Emit an exact copy of the lines running from the start of the records to the line containing "using assms by (simp", both included.
BEGIN SUPPLIED RECORDS
lemma cross_term_bounds:
  fixes L g e c z :: real
  assumes "0 < L" "4 * e\<^sup>2 * L \<le> g"
  shows "L * c\<^sup>2 / 2 + g * z\<^sup>2 / 2 \<le> L * c\<^sup>2 + g * z\<^sup>2 - 2 * e * L * c * z"
    and "L * c\<^sup>2 + g * z\<^sup>2 - 2 * e * L * c * z \<le> 3 * L * c\<^sup>2 / 2 + 3 * g * z\<^sup>2 / 2"
proof -
  have "0 \<le> L * (c / 2 - e * z)\<^sup>2" "0 \<le> L * (c / 2 + e * z)\<^sup>2"
    using assms by simp_all
  moreover have "4 * e\<^sup>2 * L * z\<^sup>2 \<le> g * z\<^sup>2"
    using assms by (simp add: mult_right_mono)
  ultimately show "L * c\<^sup>2 / 2 + g * z\<^sup>2 / 2 \<le> L * c\<^sup>2 + g * z\<^sup>2 - 2 * e * L * c * z"
    and "L * c\<^sup>2 + g * z\<^sup>2 - 2 * e * L * c * z \<le> 3 * L * c\<^sup>2 / 2 + 3 * g * z\<^sup>2 / 2"
    by (simp_all add: power2_eq_square algebra_simps)
qed

lemma unit_energy_bounds:
  fixes C L g a e v c z :: real
  assumes "0 < C" "0 < L" "0 < g" "0 < a" "4 * e\<^sup>2 * L \<le> g"
  shows "min (C / 2) (min (L / (4 * a)) (g / (4 * a))) * (v\<^sup>2 + c\<^sup>2 + z\<^sup>2)
      \<le> C * v\<^sup>2 / 2 + (L * c\<^sup>2 + g * z\<^sup>2 - 2 * e * L * c * z) / (2 * a)"
    and "C * v\<^sup>2 / 2 + (L * c\<^sup>2 + g * z\<^sup>2 - 2 * e * L * c * z) / (2 * a)
      \<le> max (C / 2) (max (3 * L / (4 * a)) (3 * g / (4 * a))) * (v\<^sup>2 + c\<^sup>2 + z\<^sup>2)"
proof -
  have "(L * c\<^sup>2 / 2 + g * z\<^sup>2 / 2) / (2 * a) \<le> (L * c\<^sup>2 + g * z\<^sup>2 - 2 * e * L * c * z) / (2 * a)"
    "(L * c\<^sup>2 + g * z\<^sup>2 - 2 * e * L * c * z) / (2 * a) \<le> (3 * L * c\<^sup>2 / 2 + 3 * g * z\<^sup>2 / 2) / (2 * a)"
    using cross_term_bounds[OF \<open>0 < L\<close> \<open>4 * e\<^sup>2 * L \<le> g\<close>, of c z] \<open>0 < a\<close>
    by (simp_all add: divide_right_mono)
  moreover have "(L * c\<^sup>2 / 2 + g * z\<^sup>2 / 2) / (2 * a) = L / (4 * a) * c\<^sup>2 + g / (4 * a) * z\<^sup>2"
    "(3 * L * c\<^sup>2 / 2 + 3 * g * z\<^sup>2 / 2) / (2 * a) = 3 * L / (4 * a) * c\<^sup>2 + 3 * g / (4 * a) * z\<^sup>2"
    by (simp_all add: add_divide_distrib)
  ultimately show "min (C / 2) (min (L / (4 * a)) (g / (4 * a))) * (v\<^sup>2 + c\<^sup>2 + z\<^sup>2)
      \<le> C * v\<^sup>2 / 2 + (L * c\<^sup>2 + g * z\<^sup>2 - 2 * e * L * c * z) / (2 * a)"
    and "C * v\<^sup>2 / 2 + (L * c\<^sup>2 + g * z\<^sup>2 - 2 * e * L * c * z) / (2 * a)
      \<le> max (C / 2) (max (3 * L / (4 * a)) (3 * g / (4 * a))) * (v\<^sup>2 + c\<^sup>2 + z\<^sup>2)"
    using min3_mult_sum_le[of "v\<^sup>2" "c\<^sup>2" "z\<^sup>2" "C / 2" "L / (4 * a)" "g / (4 * a)"]
      max3_mult_sum_ge[of "v\<^sup>2" "c\<^sup>2" "z\<^sup>2" "C / 2" "3 * L / (4 * a)" "3 * g / (4 * a)"]
    by (simp_all add: mult.commute)
qed
lemma sum_Omega_weight: "(\<Sum>rs\<in>Omega n \<alpha>. prod_list (map weight rs)) \<le> (24/25)^n"
proof -
  have fin: "finite {xs. set xs \<subseteq> {1..\<alpha>} \<and> length xs = n}" by (rule finite_lists_length_eq) simp
  have "(\<Sum>rs\<in>Omega n \<alpha>. prod_list (map weight rs))
      \<le> (\<Sum>rs\<in>{xs. set xs \<subseteq> {1..\<alpha>} \<and> length xs = n}. prod_list (map weight rs))"
    by (intro sum_mono2[OF fin Omega_sub]) (auto intro!: prod_list_nonneg simp: weight_nonneg)
  also have "\<dots> = (\<Sum>r=1..\<alpha>. weight r)^n" by (rule sum_lists_power) simp
  also have "\<dots> \<le> (24/25)^n" by (intro power_mono weight_sum sum_nonneg weight_nonneg)
  finally show ?thesis .
qed

lemma comp_sum_bound:
  assumes nA: "\<And>l. cmod (A l) = 1" and na0: "cmod a0 = 1"
    and neq: "\<And>l. l \<in> {1..\<alpha>-1} \<Longrightarrow> A l \<noteq> a0" and n: "1 \<le> n"
  shows "cmod (\<Sum>rs\<in>Omega n \<alpha>. comp_term A a0 n rs) * dist_prod A a0 \<alpha> \<le> (19/10)^\<alpha> * (24/25)^n"
proof -
  have single: "cmod (comp_term A a0 n rs) * dist_prod A a0 \<alpha> \<le> (19/10)^\<alpha> * prod_list (map weight rs)"
    if rs: "rs \<in> Omega n \<alpha>" for rs
  proof -
    have len: "length rs = n" and pos: "\<forall>r\<in>set rs. 0 < r" and sum: "sum_list rs = \<alpha>"
      using rs unfolding Omega_def by auto
    show ?thesis
      using comp_term_bound[OF nA na0 neq n rs] weight_prod[OF pos] len sum by (simp add: mult.commute)
  qed
  have "cmod (\<Sum>rs\<in>Omega n \<alpha>. comp_term A a0 n rs) * dist_prod A a0 \<alpha>
      \<le> (\<Sum>rs\<in>Omega n \<alpha>. cmod (comp_term A a0 n rs) * dist_prod A a0 \<alpha>)"
    unfolding sum_distrib_right[symmetric]
    using dist_prod_pos[of \<alpha> A a0] neq by (intro mult_right_mono norm_sum) auto
  also have "\<dots> \<le> (\<Sum>rs\<in>Omega n \<alpha>. (19/10)^\<alpha> * prod_list (map weight rs))"
    by (intro sum_mono single)
  also have "\<dots> \<le> (19/10)^\<alpha> * (24/25)^n"
    unfolding sum_distrib_left[symmetric] by (intro mult_left_mono sum_Omega_weight) auto
  finally show ?thesis .
qed

lemma geometric_24_25: "(\<Sum>n=1..m. (24/25::real)^n) \<le> 25"
proof -
  have "(\<Sum>n=1..m. (24/25::real)^n) \<le> (\<Sum>n<Suc m. (24/25::real)^n)"
    by (intro sum_mono2) auto
  also have "\<dots> = (1 - (24/25)^Suc m) / (1 - 24/25)" by (simp add: sum_gp_strict)
  also have "\<dots> \<le> 25" by simp
  finally show ?thesis .
qed

lemma signed_sum_bound:
  assumes nA: "\<And>l. cmod (A l) = 1" and na0: "cmod a0 = 1"
    and neq: "\<And>l. l \<in> {1..\<alpha>-1} \<Longrightarrow> A l \<noteq> a0"
  shows "cmod (- \<i> * (1 / 2 ^ \<alpha>) * (\<Sum>n=1..\<alpha>. (-1) ^ (n + j) * (\<Sum>rs\<in>Omega n \<alpha>. comp_term A a0 n rs)))
         * dist_prod A a0 \<alpha> \<le> 25 * (19/20)^\<alpha>"
proof -
  define S where "S n = (\<Sum>rs\<in>Omega n \<alpha>. comp_term A a0 n rs)" for n
  have "cmod (\<Sum>n=1..\<alpha>. (-1) ^ (n + j) * S n) * dist_prod A a0 \<alpha>
      \<le> (\<Sum>n=1..\<alpha>. cmod (S n) * dist_prod A a0 \<alpha>)"
    unfolding sum_distrib_right[symmetric]
    using dist_prod_pos[of \<alpha> A a0] neq norm_sum[of "\<lambda>n. (-1) ^ (n + j) * S n" "{1..\<alpha>}"]
    by (intro mult_right_mono) (auto simp: norm_mult norm_power)
  also have "\<dots> \<le> (\<Sum>n=1..\<alpha>. (19/10)^\<alpha> * (24/25)^n)"
    unfolding S_def by (intro sum_mono comp_sum_bound[OF nA na0 neq]) auto
  also have "\<dots> \<le> (19/10)^\<alpha> * 25"
    unfolding sum_distrib_left[symmetric] by (intro mult_left_mono geometric_24_25) auto
  finally have "cmod (\<Sum>n=1..\<alpha>. (-1) ^ (n + j) * S n) * dist_prod A a0 \<alpha> \<le> (19/10)^\<alpha> * 25" .
  then have "(1 / 2 ^ \<alpha>) * (cmod (\<Sum>n=1..\<alpha>. (-1) ^ (n + j) * S n) * dist_prod A a0 \<alpha>)
      \<le> (1 / 2 ^ \<alpha>) * ((19/10)^\<alpha> * 25)"
    by (rule mult_left_mono) simp
  also have "\<dots> = 25 * (19/20)^\<alpha>"
    by (simp add: power_divide field_simps flip: power_mult_distrib)
  finally show ?thesis
    unfolding S_def[symmetric] by (simp add: norm_mult norm_divide norm_power mult.assoc)
qed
END SUPPLIED RECORDS
**RESULT OF THIS TASK:**
lemma cross_term_bounds:
  fixes L g e c z :: real
  assumes "0 < L" "4 * e\<^sup>2 * L \<le> g"
  shows "L * c\<^sup>2 / 2 + g * z\<^sup>2 / 2 \<le> L * c\<^sup>2 + g * z\<^sup>2 - 2 * e * L * c * z"
    and "L * c\<^sup>2 + g * z\<^sup>2 - 2 * e * L * c * z \<le> 3 * L * c\<^sup>2 / 2 + 3 * g * z\<^sup>2 / 2"
proof -
  have "0 \<le> L * (c / 2 - e * z)\<^sup>2" "0 \<le> L * (c / 2 + e * z)\<^sup>2"
    using assms by simp_all
  moreover have "4 * e\<^sup>2 * L * z\<^sup>2 \<le> g * z\<^sup>2"
    using assms by (simp add: mult_right_mono)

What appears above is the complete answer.